* [ASSIGNMENT] Repeat only the stretch of lines below that runs from the line with "n k \<noteq>" through the line with "m) = (\<Sum>m\<in>\<pi>", unaltered.

* [ENTRIES PROVIDED]
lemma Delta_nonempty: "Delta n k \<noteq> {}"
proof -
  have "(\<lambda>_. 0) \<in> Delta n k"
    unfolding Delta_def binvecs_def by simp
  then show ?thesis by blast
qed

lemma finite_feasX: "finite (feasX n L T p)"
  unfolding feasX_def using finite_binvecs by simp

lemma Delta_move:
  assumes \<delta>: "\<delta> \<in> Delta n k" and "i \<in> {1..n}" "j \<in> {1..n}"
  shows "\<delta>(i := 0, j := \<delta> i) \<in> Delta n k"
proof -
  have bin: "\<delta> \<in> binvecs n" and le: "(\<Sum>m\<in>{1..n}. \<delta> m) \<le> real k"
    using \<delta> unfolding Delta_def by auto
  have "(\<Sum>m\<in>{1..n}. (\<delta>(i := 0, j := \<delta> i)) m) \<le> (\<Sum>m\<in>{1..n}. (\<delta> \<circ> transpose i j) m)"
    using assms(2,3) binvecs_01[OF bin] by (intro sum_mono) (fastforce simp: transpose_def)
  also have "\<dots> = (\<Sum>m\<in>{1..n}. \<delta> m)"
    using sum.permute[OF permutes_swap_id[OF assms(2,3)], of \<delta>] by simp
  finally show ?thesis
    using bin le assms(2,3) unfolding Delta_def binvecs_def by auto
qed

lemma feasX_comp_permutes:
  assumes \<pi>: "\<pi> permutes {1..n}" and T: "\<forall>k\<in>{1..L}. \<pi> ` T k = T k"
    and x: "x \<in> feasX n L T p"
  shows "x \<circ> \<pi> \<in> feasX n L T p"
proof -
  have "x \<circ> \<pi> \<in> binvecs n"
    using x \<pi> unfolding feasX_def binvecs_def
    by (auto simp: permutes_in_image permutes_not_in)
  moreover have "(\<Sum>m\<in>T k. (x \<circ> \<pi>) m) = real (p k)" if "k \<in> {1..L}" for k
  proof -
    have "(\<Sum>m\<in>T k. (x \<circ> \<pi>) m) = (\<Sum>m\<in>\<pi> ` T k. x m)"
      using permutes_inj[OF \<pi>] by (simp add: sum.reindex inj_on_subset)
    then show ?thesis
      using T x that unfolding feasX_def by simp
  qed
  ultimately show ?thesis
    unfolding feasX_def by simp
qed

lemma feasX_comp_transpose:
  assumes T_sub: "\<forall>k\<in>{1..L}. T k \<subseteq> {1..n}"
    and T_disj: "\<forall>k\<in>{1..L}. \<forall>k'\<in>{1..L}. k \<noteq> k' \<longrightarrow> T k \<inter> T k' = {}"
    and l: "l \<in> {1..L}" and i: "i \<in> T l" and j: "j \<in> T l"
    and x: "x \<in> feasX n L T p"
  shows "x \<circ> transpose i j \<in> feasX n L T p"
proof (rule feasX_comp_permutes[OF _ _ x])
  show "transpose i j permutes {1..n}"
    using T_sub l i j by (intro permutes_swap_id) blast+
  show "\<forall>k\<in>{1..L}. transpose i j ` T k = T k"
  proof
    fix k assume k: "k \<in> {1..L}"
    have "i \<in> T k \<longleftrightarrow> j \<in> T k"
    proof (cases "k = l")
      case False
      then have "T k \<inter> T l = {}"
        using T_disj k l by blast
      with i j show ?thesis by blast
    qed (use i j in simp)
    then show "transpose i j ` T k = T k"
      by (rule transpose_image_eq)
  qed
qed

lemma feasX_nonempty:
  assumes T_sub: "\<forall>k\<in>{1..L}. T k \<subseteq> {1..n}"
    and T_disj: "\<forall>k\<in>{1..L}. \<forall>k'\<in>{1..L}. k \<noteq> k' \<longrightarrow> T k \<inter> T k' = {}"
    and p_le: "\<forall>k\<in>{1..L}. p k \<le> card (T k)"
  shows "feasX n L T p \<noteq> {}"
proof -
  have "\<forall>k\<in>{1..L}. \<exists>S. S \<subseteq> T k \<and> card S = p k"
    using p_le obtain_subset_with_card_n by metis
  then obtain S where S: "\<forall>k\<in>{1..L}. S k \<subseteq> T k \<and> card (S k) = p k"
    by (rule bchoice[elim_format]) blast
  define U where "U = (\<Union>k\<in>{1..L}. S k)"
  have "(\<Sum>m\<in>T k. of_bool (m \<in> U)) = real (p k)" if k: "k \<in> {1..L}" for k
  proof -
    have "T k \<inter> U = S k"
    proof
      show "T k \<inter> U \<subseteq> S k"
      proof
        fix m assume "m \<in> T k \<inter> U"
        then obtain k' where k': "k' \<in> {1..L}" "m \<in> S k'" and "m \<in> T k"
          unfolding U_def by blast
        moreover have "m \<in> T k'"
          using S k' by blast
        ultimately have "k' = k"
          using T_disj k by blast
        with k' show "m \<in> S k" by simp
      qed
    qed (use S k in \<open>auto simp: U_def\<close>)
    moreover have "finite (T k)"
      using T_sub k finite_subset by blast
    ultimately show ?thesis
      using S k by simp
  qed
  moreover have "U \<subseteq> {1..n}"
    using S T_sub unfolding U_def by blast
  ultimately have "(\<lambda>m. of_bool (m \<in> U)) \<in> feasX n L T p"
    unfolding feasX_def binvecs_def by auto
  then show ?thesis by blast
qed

* * *

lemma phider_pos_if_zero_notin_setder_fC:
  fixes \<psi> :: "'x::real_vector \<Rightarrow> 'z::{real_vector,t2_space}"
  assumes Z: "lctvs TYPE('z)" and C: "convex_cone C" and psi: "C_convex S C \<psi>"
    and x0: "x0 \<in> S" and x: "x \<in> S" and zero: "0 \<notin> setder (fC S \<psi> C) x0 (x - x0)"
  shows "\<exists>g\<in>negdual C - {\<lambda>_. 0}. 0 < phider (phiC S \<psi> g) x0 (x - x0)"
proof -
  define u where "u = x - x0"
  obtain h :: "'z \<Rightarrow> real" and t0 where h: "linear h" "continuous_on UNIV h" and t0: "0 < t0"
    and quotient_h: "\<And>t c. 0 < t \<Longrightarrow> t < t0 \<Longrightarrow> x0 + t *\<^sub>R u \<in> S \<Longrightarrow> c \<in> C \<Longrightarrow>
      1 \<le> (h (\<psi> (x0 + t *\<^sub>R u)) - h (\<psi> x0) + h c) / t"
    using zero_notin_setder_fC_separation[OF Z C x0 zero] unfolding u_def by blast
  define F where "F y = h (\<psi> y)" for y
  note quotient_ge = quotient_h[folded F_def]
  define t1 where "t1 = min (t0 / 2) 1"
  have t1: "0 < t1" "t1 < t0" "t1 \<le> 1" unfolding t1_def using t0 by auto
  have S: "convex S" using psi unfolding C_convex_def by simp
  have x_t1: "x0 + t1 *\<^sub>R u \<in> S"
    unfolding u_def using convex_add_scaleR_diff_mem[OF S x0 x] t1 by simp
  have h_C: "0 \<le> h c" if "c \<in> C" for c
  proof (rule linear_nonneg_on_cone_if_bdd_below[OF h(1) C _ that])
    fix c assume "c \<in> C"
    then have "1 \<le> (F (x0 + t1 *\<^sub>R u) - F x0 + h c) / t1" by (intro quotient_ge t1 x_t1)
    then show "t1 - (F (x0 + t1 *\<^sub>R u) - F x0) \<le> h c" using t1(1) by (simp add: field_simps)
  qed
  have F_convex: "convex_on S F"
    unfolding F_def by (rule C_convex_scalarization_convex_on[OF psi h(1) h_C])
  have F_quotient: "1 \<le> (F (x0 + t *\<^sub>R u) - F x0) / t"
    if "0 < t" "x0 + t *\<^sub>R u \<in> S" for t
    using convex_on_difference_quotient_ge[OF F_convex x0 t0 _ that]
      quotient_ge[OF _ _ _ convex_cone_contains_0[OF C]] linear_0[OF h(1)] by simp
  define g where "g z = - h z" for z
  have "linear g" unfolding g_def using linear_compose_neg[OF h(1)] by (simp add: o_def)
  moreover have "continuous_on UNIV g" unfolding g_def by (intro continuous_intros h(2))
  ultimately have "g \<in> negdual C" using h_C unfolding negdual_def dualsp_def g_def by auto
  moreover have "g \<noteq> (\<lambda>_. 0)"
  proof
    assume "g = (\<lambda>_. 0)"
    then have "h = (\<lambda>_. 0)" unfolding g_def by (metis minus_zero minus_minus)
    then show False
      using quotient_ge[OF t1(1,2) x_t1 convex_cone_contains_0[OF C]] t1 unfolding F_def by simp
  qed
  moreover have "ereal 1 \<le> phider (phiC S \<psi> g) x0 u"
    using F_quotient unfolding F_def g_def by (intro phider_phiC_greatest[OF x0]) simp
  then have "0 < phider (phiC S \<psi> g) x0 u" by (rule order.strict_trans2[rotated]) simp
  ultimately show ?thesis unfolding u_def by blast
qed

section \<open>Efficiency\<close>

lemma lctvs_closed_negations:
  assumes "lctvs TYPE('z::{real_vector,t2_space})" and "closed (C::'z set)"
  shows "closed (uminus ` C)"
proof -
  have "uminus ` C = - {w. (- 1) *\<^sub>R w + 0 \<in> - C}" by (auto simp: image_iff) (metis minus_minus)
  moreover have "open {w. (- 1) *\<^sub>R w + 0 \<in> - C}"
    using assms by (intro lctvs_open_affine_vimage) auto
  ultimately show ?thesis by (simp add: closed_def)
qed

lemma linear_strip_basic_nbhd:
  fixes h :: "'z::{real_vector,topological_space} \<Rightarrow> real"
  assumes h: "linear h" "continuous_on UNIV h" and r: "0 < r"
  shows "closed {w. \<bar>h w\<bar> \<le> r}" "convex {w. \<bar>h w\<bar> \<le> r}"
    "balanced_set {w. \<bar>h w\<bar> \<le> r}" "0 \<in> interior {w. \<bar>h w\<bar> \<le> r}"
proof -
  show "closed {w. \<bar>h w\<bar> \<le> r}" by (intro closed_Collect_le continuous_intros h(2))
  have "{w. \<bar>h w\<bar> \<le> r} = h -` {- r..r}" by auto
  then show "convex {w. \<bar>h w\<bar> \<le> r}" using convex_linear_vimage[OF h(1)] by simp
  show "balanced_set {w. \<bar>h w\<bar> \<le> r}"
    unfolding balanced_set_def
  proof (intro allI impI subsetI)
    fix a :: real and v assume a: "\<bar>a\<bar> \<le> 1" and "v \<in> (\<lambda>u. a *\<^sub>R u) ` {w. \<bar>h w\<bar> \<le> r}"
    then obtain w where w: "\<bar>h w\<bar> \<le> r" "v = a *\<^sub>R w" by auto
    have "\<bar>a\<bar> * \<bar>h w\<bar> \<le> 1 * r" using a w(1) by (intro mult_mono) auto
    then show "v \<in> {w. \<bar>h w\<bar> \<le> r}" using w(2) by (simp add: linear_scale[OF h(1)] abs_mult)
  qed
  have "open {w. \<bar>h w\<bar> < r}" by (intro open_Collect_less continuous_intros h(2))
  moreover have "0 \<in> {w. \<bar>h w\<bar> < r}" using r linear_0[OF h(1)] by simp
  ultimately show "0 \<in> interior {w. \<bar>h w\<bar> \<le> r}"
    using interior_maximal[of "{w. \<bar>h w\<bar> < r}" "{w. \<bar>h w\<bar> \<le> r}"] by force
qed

* [SOLUTION TO THIS EXERCISE]
lemma Delta_nonempty: "Delta n k \<noteq> {}"
proof -
  have "(\<lambda>_. 0) \<in> Delta n k"
    unfolding Delta_def binvecs_def by simp
  then show ?thesis by blast
qed

lemma finite_feasX: "finite (feasX n L T p)"
  unfolding feasX_def using finite_binvecs by simp

lemma Delta_move:
  assumes \<delta>: "\<delta> \<in> Delta n k" and "i \<in> {1..n}" "j \<in> {1..n}"
  shows "\<delta>(i := 0, j := \<delta> i) \<in> Delta n k"
proof -
  have bin: "\<delta> \<in> binvecs n" and le: "(\<Sum>m\<in>{1..n}. \<delta> m) \<le> real k"
    using \<delta> unfolding Delta_def by auto
  have "(\<Sum>m\<in>{1..n}. (\<delta>(i := 0, j := \<delta> i)) m) \<le> (\<Sum>m\<in>{1..n}. (\<delta> \<circ> transpose i j) m)"
    using assms(2,3) binvecs_01[OF bin] by (intro sum_mono) (fastforce simp: transpose_def)
  also have "\<dots> = (\<Sum>m\<in>{1..n}. \<delta> m)"
    using sum.permute[OF permutes_swap_id[OF assms(2,3)], of \<delta>] by simp
  finally show ?thesis
    using bin le assms(2,3) unfolding Delta_def binvecs_def by auto
qed

lemma feasX_comp_permutes:
  assumes \<pi>: "\<pi> permutes {1..n}" and T: "\<forall>k\<in>{1..L}. \<pi> ` T k = T k"
    and x: "x \<in> feasX n L T p"
  shows "x \<circ> \<pi> \<in> feasX n L T p"
proof -
  have "x \<circ> \<pi> \<in> binvecs n"
    using x \<pi> unfolding feasX_def binvecs_def
    by (auto simp: permutes_in_image permutes_not_in)
  moreover have "(\<Sum>m\<in>T k. (x \<circ> \<pi>) m) = real (p k)" if "k \<in> {1..L}" for k
  proof -
    have "(\<Sum>m\<in>T k. (x \<circ> \<pi>) m) = (\<Sum>m\<in>\<pi> ` T k. x m)"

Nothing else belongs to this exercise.